==== Material for this exercise

text \<open>The corrections are encoded as an association list, padded to length fat_dim F X \<beta>
  with entries for the never-consulted round n, so that the experts range over a set of known
  cardinality.\<close>

lemma soa_expert_list:
  assumes fat: "fat_finite F X \<beta>" and b: "\<beta> > 0"
    and rng: "\<forall>f\<in>F. \<forall>x\<in>X. 0 \<le> f x \<and> f x \<le> 1"
    and f: "f \<in> F" and xs: "set xs \<subseteq> X" and n: "length xs = n"
  shows "\<exists>L. set L \<subseteq> {..n} \<times> {..nat \<lceil>1/\<beta>\<rceil>} \<and> length L = fat_dim F X \<beta> \<and>
     (\<forall>t<n. \<bar>soa_predict F X \<beta> (map_of L) (take t xs) (xs!t) - f (xs!t)\<bar> \<le> 3*\<beta>)"
proof -
  obtain m where dom: "dom m \<subseteq> {..<n}" and ran: "ran m \<subseteq> {..nat \<lceil>1/\<beta>\<rceil>}"
    and cd: "card (dom m) + fat_dim (version_space F \<beta> m (take n xs)) X \<beta> \<le> fat_dim F X \<beta>"
    and pr: "\<forall>i<n. \<bar>soa_predict F X \<beta> m (take i xs) (xs!i) - f (xs!i)\<bar> \<le> 3*\<beta>"
    using soa_expert_exists[OF fat b rng f xs, of n] n by auto
  have finD: "finite (dom m)" using dom finite_subset by blast
  define L1 where "L1 = map (\<lambda>k. (k, the (m k))) (sorted_list_of_set (dom m))"
  define L where "L = L1 @ replicate (fat_dim F X \<beta> - card (dom m)) (n, 0::nat)"
  have mL1: "map_of L1 = m" unfolding L1_def by (rule map_of_map_keys) (simp add: finD)
  have agree: "map_of L j = m j" if "j < n" for j
  proof -
    have "map_of (replicate q (n, 0::nat)) j = None" for q
      using that by (induction q) auto
    then show ?thesis unfolding L_def map_of_append mL1 by (simp add: map_add_def split: option.split)
  qed
  have setL: "set L \<subseteq> {..n} \<times> {..nat \<lceil>1/\<beta>\<rceil>}"
  proof -
    have "set L1 \<subseteq> {..n} \<times> {..nat \<lceil>1/\<beta>\<rceil>}"
    proof
      fix p assume "p \<in> set L1"
      then obtain k where k: "k \<in> dom m" "p = (k, the (m k))" unfolding L1_def using finD by auto
      then have "the (m k) \<in> ran m" by (auto simp: ran_def)
      then show "p \<in> {..n} \<times> {..nat \<lceil>1/\<beta>\<rceil>}" using k dom ran by auto
    qed
    then show ?thesis unfolding L_def by auto
  qed
  have lenL: "length L = fat_dim F X \<beta>"
    unfolding L_def L1_def using cd finD by simp
  have "\<forall>t<n. \<bar>soa_predict F X \<beta> (map_of L) (take t xs) (xs!t) - f (xs!t)\<bar> \<le> 3*\<beta>"
  proof (intro allI impI)
    fix t assume t: "t < n"
    have "soa_predict F X \<beta> (map_of L) (take t xs) (xs!t) = soa_predict F X \<beta> m (take t xs) (xs!t)"
      by (rule soa_predict_cong) (use t n agree in auto)
    then show "\<bar>soa_predict F X \<beta> (map_of L) (take t xs) (xs!t) - f (xs!t)\<bar> \<le> 3*\<beta>" using pr t by simp
  qed
  then show ?thesis using setL lenL by blast
qed

section \<open>Bayesian mixtures of experts\<close>

definition bernoulli_prob :: "real \<Rightarrow> bool \<Rightarrow> real" where "bernoulli_prob q y = (if y then q else 1 - q)"

lemma logloss_bernoulli_prob: "logloss q y = (if bernoulli_prob q y = 0 then \<infinity> else ereal (- ln (bernoulli_prob q y)))"
  unfolding logloss_def bernoulli_prob_def by auto

type_synonym 'a hist = "('a \<times> real \<times> bool) list"

definition expert_weight :: "('i \<Rightarrow> 'a hist \<Rightarrow> 'a \<Rightarrow> real) \<Rightarrow> 'i \<Rightarrow> 'a hist \<Rightarrow> real" where
  "expert_weight ep L h = (\<Prod>i<length h. bernoulli_prob (ep L (take i h) (fst (h!i))) (snd (snd (h!i))))"

definition mixture_forecast :: "'i set \<Rightarrow> ('i \<Rightarrow> 'a hist \<Rightarrow> 'a \<Rightarrow> real) \<Rightarrow> 'a hist \<Rightarrow> 'a \<Rightarrow> real" where
  "mixture_forecast I ep h x = (\<Sum>L\<in>I. expert_weight ep L h * ep L h x) / (\<Sum>L\<in>I. expert_weight ep L h)"

text \<open>Experts forecast within [c, 1 - c]; the mixture forecast is their posterior mean under the
  uniform prior, so the product of its outcome probabilities telescopes to the average expert
  likelihood, and its log-loss exceeds that of any expert by at most ln |I|.\<close>

locale expert_mixture =
  fixes I :: "'i set" and ep :: "'i \<Rightarrow> 'a hist \<Rightarrow> 'a \<Rightarrow> real" and c :: real
  assumes fin: "finite I" and ne: "I \<noteq> {}" and c: "0 < c"
    and rng: "\<And>L h x. c \<le> ep L h x \<and> ep L h x \<le> 1 - c"
begin

lemma bernoulli_prob_pos: "0 < bernoulli_prob (ep L h x) y"
  using rng[of L h x] c unfolding bernoulli_prob_def by auto

lemma expert_weight_pos: "0 < expert_weight ep L h"
  unfolding expert_weight_def by (rule prod_pos) (simp add: bernoulli_prob_pos)

lemma expert_weight_snoc: "expert_weight ep L (h @ [(x, yh, y)]) = expert_weight ep L h * bernoulli_prob (ep L h x) y"
  unfolding expert_weight_def by (simp add: nth_append)

lemma sum_expert_weight_pos: "0 < (\<Sum>L\<in>I. expert_weight ep L h)"
  using fin ne by (intro sum_pos) (auto simp: expert_weight_pos)

lemma mixture_forecast_range: "c \<le> mixture_forecast I ep h x \<and> mixture_forecast I ep h x \<le> 1 - c"
proof -
  let ?S = "\<Sum>L\<in>I. expert_weight ep L h"
  have "(\<Sum>L\<in>I. expert_weight ep L h * c) \<le> (\<Sum>L\<in>I. expert_weight ep L h * ep L h x)"
    by (intro sum_mono mult_left_mono) (auto simp: rng less_imp_le[OF expert_weight_pos])
  moreover have "(\<Sum>L\<in>I. expert_weight ep L h * ep L h x) \<le> (\<Sum>L\<in>I. expert_weight ep L h * (1 - c))"
    by (intro sum_mono mult_left_mono) (auto simp: rng less_imp_le[OF expert_weight_pos])
  ultimately have a: "?S * c \<le> (\<Sum>L\<in>I. expert_weight ep L h * ep L h x)"
    "(\<Sum>L\<in>I. expert_weight ep L h * ep L h x) \<le> ?S * (1 - c)"
    by (simp_all add: sum_distrib_right)
  show ?thesis unfolding mixture_forecast_def using a sum_expert_weight_pos
    by (simp add: pos_le_divide_eq pos_divide_le_eq mult.commute)
qed

lemma bernoulli_prob_mixture: "bernoulli_prob (mixture_forecast I ep h x) y = (\<Sum>L\<in>I. expert_weight ep L (h @ [(x, yh, y)])) / (\<Sum>L\<in>I. expert_weight ep L h)"
proof (cases y)
  case True
  then show ?thesis unfolding bernoulli_prob_def mixture_forecast_def by (simp add: expert_weight_snoc bernoulli_prob_def)
next
  case False
  have "(\<Sum>L\<in>I. expert_weight ep L (h @ [(x, yh, y)])) = (\<Sum>L\<in>I. expert_weight ep L h) - (\<Sum>L\<in>I. expert_weight ep L h * ep L h x)"
    using False by (simp add: expert_weight_snoc bernoulli_prob_def algebra_simps sum_subtractf)
  then show ?thesis using sum_expert_weight_pos[of h] unfolding bernoulli_prob_def mixture_forecast_def using False
    by (simp add: diff_divide_distrib)
qed
definition symmetric_group :: "('a, 'b) monoid_scheme \<Rightarrow> ('a \<times> 'a \<Rightarrow> 'a \<times> 'a) \<Rightarrow> bool" where
  "symmetric_group G r \<longleftrightarrow>
     group G \<and>
     (\<forall>u\<in>carrier G. \<forall>v\<in>carrier G. r (u, v) \<in> carrier G \<times> carrier G) \<and>
     bij_betw r (carrier G \<times> carrier G) (carrier G \<times> carrier G) \<and>
     (\<forall>u\<in>carrier G. \<forall>v\<in>carrier G. r (r (u, v)) = (u, v)) \<and>
     (\<forall>a\<in>carrier G. lact r a \<one>\<^bsub>G\<^esub> = \<one>\<^bsub>G\<^esub>) \<and>
     (\<forall>u\<in>carrier G. lact r \<one>\<^bsub>G\<^esub> u = u) \<and>
     (\<forall>u\<in>carrier G. ract r \<one>\<^bsub>G\<^esub> u = \<one>\<^bsub>G\<^esub>) \<and>
     (\<forall>a\<in>carrier G. ract r a \<one>\<^bsub>G\<^esub> = a) \<and>
     (\<forall>a\<in>carrier G. \<forall>b\<in>carrier G. \<forall>u\<in>carrier G.
        lact r (a \<otimes>\<^bsub>G\<^esub> b) u = lact r a (lact r b u)) \<and>
     (\<forall>a\<in>carrier G. \<forall>u\<in>carrier G. \<forall>v\<in>carrier G.
        ract r a (u \<otimes>\<^bsub>G\<^esub> v) = ract r (ract r a u) v) \<and>
     (\<forall>a\<in>carrier G. \<forall>u\<in>carrier G. \<forall>v\<in>carrier G.
        lact r a (u \<otimes>\<^bsub>G\<^esub> v) = lact r a u \<otimes>\<^bsub>G\<^esub> lact r (ract r a u) v) \<and>
     (\<forall>a\<in>carrier G. \<forall>b\<in>carrier G. \<forall>u\<in>carrier G.
        ract r (a \<otimes>\<^bsub>G\<^esub> b) u = ract r a (lact r b u) \<otimes>\<^bsub>G\<^esub> ract r b u) \<and>
     (\<forall>u\<in>carrier G. \<forall>v\<in>carrier G.
        u \<otimes>\<^bsub>G\<^esub> v = lact r u v \<otimes>\<^bsub>G\<^esub> ract r u v)"
lemma multiquadric_coeff_expansion_error:
  fixes M :: nat and E KB :: real and KA :: "nat \<Rightarrow> real"
  assumes shifted: "\<And>n. n \<le> M div 2 \<Longrightarrow>
      \<bar>(y - t) powr (2*\<alpha> - real (2*n)) - (\<Sum>i\<le>M - 2*n.
         ((2*\<alpha> - real (2*n)) gchoose i) * (-t)^i * y powr (2*\<alpha> - real (2*n) - real i))\<bar>
        \<le> KA n * y powr E"
    and far: "\<bar>((y - t)^2 + c^2) powr \<alpha>
        - (\<Sum>n\<le>M div 2. (\<alpha> gchoose n) * c^(2*n) * (y - t) powr (2*\<alpha> - real (2*n)))\<bar>
        \<le> KB * y powr E"
  shows "\<bar>((t - y)^2 + c^2) powr \<alpha> - (\<Sum>m\<le>M. multiquadric_coeff c \<alpha> m t * y powr (2*\<alpha> - real m))\<bar>
      \<le> ((\<Sum>n\<le>M div 2. \<bar>(\<alpha> gchoose n) * c^(2*n)\<bar> * KA n) + KB) * y powr E"
proof -
  define b where "b n = (\<alpha> gchoose n) * c^(2*n)" for n
  define S where "S n = (\<Sum>i\<le>M - 2*n.
      ((2*\<alpha> - real (2*n)) gchoose i) * (-t)^i * y powr (2*\<alpha> - real (2*n) - real i))" for n
  define EA where "EA n = (y - t) powr (2*\<alpha> - real (2*n)) - S n" for n
  define EB where "EB = ((y - t)^2 + c^2) powr \<alpha> - (\<Sum>n\<le>M div 2. b n * (y - t) powr (2*\<alpha> - real (2*n)))"
  have "(\<Sum>m\<le>M. multiquadric_coeff c \<alpha> m t * y powr (2*\<alpha> - real m)) = (\<Sum>n\<le>M div 2. b n * S n)"
    unfolding sum_multiquadric_coeff[symmetric] by (simp add: S_def b_def)
  moreover have "((t - y)^2 + c^2) powr \<alpha> = (\<Sum>n\<le>M div 2. b n * (S n + EA n)) + EB"
    by (simp add: EA_def EB_def power2_commute)
  ultimately have "((t - y)^2 + c^2) powr \<alpha> - (\<Sum>m\<le>M. multiquadric_coeff c \<alpha> m t * y powr (2*\<alpha> - real m))
      = (\<Sum>n\<le>M div 2. b n * EA n) + EB"
    by (simp add: distrib_left sum.distrib)
  also have "\<bar>\<dots>\<bar> \<le> (\<Sum>n\<le>M div 2. \<bar>b n\<bar> * (KA n * y powr E)) + KB * y powr E"
    using shifted far unfolding EA_def EB_def S_def b_def
    by (intro order.trans[OF abs_triangle_ineq] add_mono order.trans[OF sum_abs] sum_mono)
      (auto simp: abs_mult intro: mult_left_mono)
  also have "\<dots> = ((\<Sum>n\<le>M div 2. \<bar>b n\<bar> * KA n) + KB) * y powr E"
    by (simp add: sum_distrib_right distrib_right mult.assoc)
  finally show ?thesis unfolding b_def .
qed
lemma orthonormal_pair_spanning:
  fixes a b :: "complex^'n"
  assumes "CARD('n) \<ge> 2"
  obtains \<beta>0 \<beta>1 c00 c01 c10 c11
  where "cinner \<beta>0 \<beta>0 = 1" and "cinner \<beta>1 \<beta>1 = 1" and "cinner \<beta>0 \<beta>1 = 0"
    and "a = c00 *s \<beta>0 + c01 *s \<beta>1" and "b = c10 *s \<beta>0 + c11 *s \<beta>1"
proof -
  obtain \<beta>0 c where \<beta>0: "cinner \<beta>0 \<beta>0 = 1" and a: "a = c *s \<beta>0"
  proof (cases "a = 0")
    case True
    obtain u :: "complex^'n" where "cinner u u = 1" "cinner 0 u = 0"
      by (rule exists_unit_orthogonal[of 0, OF assms])
    then show ?thesis
      using True by (intro that[where c = 0]) (simp_all add: vec_eq_iff)
  next
    case False
    then obtain c u where "cinner u u = 1" "a = c *s u"
      by (rule unit_multiple)
    then show ?thesis
      by (rule that)
  qed
  define b' where "b' = b - cinner \<beta>0 b *s \<beta>0"
  have "cinner \<beta>0 b' = 0"
    by (simp add: b'_def cinner_diff_right cinner_smult_right \<beta>0)
  obtain \<beta>1 d where \<beta>1: "cinner \<beta>1 \<beta>1 = 1" "cinner \<beta>0 \<beta>1 = 0" and b': "b' = d *s \<beta>1"
  proof (cases "b' = 0")
    case True
    obtain w where "cinner w w = 1" "cinner \<beta>0 w = 0"
      by (rule exists_unit_orthogonal[of \<beta>0, OF assms])
    then show ?thesis
      using True by (intro that[where d = 0]) (simp_all add: vec_eq_iff)
  next
    case False
    then obtain d u where "cinner u u = 1" "b' = d *s u" "d \<noteq> 0"
      by (rule unit_multiple)
    moreover have "cinner \<beta>0 u = 0"
      using calculation \<open>cinner \<beta>0 b' = 0\<close> by (simp add: cinner_smult_right)
    ultimately show ?thesis
      by (intro that) simp_all
  qed
  have "a = c *s \<beta>0 + 0 *s \<beta>1"
    using a by (simp add: vec_eq_iff)
  moreover have "b = cinner \<beta>0 b *s \<beta>0 + d *s \<beta>1"
    unfolding b'[symmetric] b'_def by simp
  ultimately show ?thesis
    using \<beta>0 \<beta>1 by (intro that)
qed

lemma psi_vec_components: "psi_vec (\<chi> i. v $ (0, i)) (\<chi> i. v $ (1, i)) = v"
  by (simp add: psi_vec_def vec_eq_iff split_paired_All forall_2 two_eq_zero_in_2)

lemma tensor_id_mult_psi_vec:
  "tensor_id A *v psi_vec \<beta>0 \<beta>1 =
     psi_vec (A $ 0 $ 0 *s \<beta>0 + A $ 0 $ 1 *s \<beta>1) (A $ 1 $ 0 *s \<beta>0 + A $ 1 $ 1 *s \<beta>1)"
  unfolding matrix_vector_mult_def tensor_id_def sum_UNIV_prod
  by (simp add: vec_eq_iff split_paired_All forall_2 two_eq_zero_in_2 psi_vec_def sum_UNIV_2
      if_distrib[of "\<lambda>z. z * _"] cong: if_cong)

lemma psd_id2_tensor_proj:
  fixes L :: "complex^'n^'n \<Rightarrow> complex^'m^'m" and v :: "complex^(2 \<times> 'n)"
  assumes "CARD('n) \<ge> 2" and L: "clinear_map L"
    and psi: "\<And>\<beta>0 \<beta>1. cinner \<beta>0 \<beta>0 = 1 \<Longrightarrow> cinner \<beta>1 \<beta>1 = 1 \<Longrightarrow> cinner \<beta>0 \<beta>1 = 0 \<Longrightarrow>
      psd (id2_tensor L (proj (psi_vec \<beta>0 \<beta>1)))"
  shows "psd (id2_tensor L (proj v))"
proof -
  obtain \<beta>0 \<beta>1 c00 c01 c10 c11
    where orth: "cinner \<beta>0 \<beta>0 = 1" "cinner \<beta>1 \<beta>1 = 1" "cinner \<beta>0 \<beta>1 = 0"
      and a: "(\<chi> i. v $ (0, i)) = c00 *s \<beta>0 + c01 *s \<beta>1"
      and b: "(\<chi> i. v $ (1, i)) = c10 *s \<beta>0 + c11 *s \<beta>1"
    by (rule orthonormal_pair_spanning[OF assms(1)])
  define A :: "complex^2^2" where
    "A = (\<chi> s u. if s = 0 then (if u = 0 then c00 else c01) else (if u = 0 then c10 else c11))"
  have "tensor_id A *v psi_vec \<beta>0 \<beta>1 = psi_vec (\<chi> i. v $ (0, i)) (\<chi> i. v $ (1, i))"
    unfolding tensor_id_mult_psi_vec a b by (simp add: A_def)
  then have "v = tensor_id A *v psi_vec \<beta>0 \<beta>1"
    by (simp add: psi_vec_components)
  then have "id2_tensor L (proj v) =
      tensor_id A ** id2_tensor L (proj (psi_vec \<beta>0 \<beta>1)) ** mat_adjoint (tensor_id A)"
    by (simp add: proj_matrix_vector_mult id2_tensor_congruence[OF L])
  then show ?thesis
    by (simp add: psd_congruence psi orth)
qed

========

* _Problem description_
Using the material, find how many lines hold the word "assms". Give the number by itself.

* _Answer for the task_
3